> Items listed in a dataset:
********************

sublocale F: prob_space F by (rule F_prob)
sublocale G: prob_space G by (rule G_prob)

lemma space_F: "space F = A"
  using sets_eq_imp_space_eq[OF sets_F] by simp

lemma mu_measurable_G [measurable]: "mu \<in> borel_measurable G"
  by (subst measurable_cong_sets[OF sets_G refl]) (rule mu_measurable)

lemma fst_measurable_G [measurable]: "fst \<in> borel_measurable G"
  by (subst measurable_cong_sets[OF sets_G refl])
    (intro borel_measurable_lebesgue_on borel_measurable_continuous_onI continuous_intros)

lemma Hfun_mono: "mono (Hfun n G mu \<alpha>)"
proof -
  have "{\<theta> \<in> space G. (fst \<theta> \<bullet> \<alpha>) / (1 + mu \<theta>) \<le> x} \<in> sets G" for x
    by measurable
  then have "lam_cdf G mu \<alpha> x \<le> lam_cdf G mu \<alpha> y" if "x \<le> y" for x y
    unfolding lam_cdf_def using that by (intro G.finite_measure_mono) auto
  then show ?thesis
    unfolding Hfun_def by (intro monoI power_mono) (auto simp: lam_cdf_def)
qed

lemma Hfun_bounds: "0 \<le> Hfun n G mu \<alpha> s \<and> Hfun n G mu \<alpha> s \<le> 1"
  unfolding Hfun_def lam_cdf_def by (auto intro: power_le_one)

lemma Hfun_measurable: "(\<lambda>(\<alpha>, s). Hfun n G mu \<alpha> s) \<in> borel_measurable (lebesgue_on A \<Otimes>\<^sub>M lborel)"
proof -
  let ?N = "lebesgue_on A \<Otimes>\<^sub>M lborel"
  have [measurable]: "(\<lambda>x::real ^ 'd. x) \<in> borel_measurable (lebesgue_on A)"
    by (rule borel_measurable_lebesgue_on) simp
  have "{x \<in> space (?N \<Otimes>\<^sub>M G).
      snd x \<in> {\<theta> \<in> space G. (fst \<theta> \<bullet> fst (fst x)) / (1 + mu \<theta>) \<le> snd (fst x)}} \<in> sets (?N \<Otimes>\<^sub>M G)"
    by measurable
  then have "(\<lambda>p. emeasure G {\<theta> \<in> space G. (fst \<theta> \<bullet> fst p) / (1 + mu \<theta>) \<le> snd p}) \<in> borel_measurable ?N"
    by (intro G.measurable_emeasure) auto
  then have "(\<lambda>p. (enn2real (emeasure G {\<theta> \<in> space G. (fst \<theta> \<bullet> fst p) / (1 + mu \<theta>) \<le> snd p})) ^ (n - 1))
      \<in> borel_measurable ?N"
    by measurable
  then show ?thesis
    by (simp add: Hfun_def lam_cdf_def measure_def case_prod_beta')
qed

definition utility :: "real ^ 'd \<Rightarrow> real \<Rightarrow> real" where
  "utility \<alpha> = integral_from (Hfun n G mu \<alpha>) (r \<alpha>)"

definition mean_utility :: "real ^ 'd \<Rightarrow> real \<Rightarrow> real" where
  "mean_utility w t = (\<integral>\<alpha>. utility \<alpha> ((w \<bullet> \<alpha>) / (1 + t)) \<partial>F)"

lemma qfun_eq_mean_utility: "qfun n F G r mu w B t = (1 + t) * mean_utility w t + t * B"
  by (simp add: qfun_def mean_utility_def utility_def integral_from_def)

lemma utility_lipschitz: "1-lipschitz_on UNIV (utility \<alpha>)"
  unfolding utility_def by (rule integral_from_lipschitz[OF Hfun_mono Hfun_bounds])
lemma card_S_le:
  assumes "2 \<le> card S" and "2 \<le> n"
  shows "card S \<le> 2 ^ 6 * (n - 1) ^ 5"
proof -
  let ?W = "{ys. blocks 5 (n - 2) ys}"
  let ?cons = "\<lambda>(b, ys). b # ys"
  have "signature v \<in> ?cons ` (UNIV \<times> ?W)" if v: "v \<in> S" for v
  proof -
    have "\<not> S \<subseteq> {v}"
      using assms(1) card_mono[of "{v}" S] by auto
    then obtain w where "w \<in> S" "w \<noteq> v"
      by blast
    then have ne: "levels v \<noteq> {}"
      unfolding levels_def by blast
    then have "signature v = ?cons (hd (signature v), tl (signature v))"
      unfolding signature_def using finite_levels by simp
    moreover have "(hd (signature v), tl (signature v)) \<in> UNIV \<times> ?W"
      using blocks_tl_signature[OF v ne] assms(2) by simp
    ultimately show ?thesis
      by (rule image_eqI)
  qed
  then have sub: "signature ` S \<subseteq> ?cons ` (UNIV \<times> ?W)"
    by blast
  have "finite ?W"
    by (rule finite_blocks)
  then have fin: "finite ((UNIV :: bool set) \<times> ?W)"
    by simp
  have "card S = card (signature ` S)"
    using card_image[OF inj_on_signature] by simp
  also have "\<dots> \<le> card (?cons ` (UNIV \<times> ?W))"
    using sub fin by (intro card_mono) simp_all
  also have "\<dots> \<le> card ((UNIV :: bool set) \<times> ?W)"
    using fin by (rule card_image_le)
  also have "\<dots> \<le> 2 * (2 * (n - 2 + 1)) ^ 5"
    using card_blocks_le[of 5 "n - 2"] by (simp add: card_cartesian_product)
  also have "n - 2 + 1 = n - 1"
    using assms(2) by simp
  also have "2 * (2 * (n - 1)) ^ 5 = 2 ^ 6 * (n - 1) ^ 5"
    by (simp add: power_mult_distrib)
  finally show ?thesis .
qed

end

********************

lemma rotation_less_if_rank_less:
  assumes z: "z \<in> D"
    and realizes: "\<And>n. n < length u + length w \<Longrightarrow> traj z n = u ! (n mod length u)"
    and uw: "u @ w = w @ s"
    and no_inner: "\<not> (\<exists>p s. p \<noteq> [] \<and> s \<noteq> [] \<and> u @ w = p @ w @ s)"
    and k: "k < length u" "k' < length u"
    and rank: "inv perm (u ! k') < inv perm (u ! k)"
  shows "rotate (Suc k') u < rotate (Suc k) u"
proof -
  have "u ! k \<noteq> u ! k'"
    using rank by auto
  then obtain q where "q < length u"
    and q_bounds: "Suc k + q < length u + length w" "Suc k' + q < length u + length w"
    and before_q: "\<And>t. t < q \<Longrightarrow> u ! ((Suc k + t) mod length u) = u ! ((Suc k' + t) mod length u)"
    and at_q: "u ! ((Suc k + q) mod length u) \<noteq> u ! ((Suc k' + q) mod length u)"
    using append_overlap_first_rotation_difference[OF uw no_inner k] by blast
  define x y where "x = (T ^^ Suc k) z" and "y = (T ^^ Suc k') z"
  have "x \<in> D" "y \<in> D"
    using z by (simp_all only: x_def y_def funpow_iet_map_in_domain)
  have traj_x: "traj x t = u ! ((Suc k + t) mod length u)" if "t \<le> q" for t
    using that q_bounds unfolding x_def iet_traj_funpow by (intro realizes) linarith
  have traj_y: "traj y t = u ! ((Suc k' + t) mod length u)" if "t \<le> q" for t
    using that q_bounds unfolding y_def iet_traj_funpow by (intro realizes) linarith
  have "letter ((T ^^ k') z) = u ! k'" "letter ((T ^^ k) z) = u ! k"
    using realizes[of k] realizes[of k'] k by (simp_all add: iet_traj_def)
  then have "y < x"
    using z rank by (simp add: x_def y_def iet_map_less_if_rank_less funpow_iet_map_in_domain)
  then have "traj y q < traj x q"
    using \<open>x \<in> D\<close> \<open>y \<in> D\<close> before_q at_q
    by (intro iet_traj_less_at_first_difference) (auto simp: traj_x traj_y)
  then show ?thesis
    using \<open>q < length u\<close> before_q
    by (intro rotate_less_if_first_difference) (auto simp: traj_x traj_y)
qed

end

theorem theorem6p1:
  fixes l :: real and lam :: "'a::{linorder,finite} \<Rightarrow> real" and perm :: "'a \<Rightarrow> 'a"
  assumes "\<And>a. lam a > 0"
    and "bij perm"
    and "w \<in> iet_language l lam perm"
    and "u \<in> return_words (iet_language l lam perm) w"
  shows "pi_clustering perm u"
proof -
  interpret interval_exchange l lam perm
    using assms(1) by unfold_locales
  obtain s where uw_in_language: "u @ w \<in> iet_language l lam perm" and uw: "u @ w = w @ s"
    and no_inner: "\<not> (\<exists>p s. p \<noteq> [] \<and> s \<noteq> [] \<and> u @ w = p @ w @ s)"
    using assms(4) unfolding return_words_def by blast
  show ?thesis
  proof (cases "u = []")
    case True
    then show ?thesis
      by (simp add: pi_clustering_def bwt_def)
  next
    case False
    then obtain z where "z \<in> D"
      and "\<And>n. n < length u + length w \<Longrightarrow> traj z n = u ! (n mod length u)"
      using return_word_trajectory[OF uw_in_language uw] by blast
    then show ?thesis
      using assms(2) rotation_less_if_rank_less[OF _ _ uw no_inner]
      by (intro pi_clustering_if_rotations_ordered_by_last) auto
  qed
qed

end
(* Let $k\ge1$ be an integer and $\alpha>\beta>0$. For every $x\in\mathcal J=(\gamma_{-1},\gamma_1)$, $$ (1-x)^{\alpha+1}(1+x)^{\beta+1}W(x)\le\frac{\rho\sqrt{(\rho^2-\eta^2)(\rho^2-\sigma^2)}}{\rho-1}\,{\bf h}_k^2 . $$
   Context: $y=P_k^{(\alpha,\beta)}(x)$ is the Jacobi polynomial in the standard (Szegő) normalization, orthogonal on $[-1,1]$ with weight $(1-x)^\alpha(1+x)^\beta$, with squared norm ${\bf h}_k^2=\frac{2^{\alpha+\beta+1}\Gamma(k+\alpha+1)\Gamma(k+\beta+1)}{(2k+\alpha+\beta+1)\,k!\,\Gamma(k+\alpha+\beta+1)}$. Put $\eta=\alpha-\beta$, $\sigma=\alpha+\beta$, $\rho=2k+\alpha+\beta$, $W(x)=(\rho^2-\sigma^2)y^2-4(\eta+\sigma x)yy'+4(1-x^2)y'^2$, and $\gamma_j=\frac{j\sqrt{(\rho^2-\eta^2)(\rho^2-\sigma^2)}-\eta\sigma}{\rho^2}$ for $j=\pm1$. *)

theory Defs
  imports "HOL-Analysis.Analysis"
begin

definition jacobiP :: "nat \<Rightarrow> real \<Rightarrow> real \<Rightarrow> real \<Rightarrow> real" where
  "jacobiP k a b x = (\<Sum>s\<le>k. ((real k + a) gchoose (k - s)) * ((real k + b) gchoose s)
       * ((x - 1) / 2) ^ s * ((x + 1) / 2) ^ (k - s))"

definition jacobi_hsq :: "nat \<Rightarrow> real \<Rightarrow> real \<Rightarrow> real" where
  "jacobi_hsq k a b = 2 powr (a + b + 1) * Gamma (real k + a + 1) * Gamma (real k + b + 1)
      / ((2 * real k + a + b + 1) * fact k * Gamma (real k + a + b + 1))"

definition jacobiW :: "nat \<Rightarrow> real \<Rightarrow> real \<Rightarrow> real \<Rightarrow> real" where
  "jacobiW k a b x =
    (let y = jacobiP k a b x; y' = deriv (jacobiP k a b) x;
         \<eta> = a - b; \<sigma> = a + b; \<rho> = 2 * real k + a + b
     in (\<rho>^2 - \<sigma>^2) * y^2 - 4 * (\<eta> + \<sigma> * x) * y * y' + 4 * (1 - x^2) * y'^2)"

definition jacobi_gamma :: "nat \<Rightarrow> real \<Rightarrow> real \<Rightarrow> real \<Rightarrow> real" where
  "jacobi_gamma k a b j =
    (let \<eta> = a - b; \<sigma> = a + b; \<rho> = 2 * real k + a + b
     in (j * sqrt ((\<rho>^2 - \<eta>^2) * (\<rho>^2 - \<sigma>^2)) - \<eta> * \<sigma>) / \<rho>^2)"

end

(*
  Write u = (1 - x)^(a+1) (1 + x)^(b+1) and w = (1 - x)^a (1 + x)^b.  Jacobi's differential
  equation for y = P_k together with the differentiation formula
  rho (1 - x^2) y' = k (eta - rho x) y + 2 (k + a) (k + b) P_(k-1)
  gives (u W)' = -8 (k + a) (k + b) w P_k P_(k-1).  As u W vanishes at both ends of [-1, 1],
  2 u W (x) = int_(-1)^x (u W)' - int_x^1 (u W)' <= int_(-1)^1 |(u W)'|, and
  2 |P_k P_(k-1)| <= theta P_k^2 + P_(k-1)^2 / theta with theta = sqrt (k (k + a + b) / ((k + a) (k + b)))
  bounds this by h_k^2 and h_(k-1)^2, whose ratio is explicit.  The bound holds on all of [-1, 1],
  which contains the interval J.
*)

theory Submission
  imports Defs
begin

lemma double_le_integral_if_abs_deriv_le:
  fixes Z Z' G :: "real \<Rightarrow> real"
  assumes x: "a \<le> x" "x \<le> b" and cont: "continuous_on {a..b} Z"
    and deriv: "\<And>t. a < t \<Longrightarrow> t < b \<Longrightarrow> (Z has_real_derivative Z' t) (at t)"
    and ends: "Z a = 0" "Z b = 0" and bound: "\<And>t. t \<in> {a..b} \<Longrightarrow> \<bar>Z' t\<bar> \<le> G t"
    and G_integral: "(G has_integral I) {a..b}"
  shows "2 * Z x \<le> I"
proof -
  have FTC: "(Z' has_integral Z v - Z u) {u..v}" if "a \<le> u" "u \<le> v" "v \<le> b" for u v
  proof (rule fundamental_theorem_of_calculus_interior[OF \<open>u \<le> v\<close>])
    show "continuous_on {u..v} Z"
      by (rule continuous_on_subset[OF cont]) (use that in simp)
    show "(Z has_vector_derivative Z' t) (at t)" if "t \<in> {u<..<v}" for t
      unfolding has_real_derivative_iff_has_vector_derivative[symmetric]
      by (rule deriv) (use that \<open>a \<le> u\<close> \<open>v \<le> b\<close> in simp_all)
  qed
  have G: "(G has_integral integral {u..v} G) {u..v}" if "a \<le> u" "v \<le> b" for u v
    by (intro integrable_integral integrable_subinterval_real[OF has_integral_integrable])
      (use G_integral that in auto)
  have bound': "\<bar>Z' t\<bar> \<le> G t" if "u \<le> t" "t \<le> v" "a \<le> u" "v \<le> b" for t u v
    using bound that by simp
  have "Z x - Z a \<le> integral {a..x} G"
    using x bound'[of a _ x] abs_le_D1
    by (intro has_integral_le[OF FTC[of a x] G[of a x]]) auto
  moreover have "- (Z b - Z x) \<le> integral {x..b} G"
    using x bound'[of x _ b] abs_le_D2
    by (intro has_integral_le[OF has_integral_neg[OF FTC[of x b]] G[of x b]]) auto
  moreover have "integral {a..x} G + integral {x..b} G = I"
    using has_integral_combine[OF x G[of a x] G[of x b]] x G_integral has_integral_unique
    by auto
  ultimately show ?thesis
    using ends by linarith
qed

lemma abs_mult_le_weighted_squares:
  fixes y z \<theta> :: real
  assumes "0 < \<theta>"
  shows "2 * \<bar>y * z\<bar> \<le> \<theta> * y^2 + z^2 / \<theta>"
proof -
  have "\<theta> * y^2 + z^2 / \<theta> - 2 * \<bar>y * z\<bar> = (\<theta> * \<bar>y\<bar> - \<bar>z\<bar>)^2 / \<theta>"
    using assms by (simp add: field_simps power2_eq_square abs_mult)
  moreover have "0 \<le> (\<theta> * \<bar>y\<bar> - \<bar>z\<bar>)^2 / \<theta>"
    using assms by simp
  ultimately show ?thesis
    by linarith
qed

********************

> Assignment: Identify every line above that includes the word "close", and show those lines.

> Solution to the exercise:
    using \<open>x \<in> D\<close> \<open>y \<in> D\<close> before_q at_q
    using \<open>q < length u\<close> before_q
  proof (rule fundamental_theorem_of_calculus_interior[OF \<open>u \<le> v\<close>])
      by (rule deriv) (use that \<open>a \<le> u\<close> \<open>v \<le> b\<close> in simp_all)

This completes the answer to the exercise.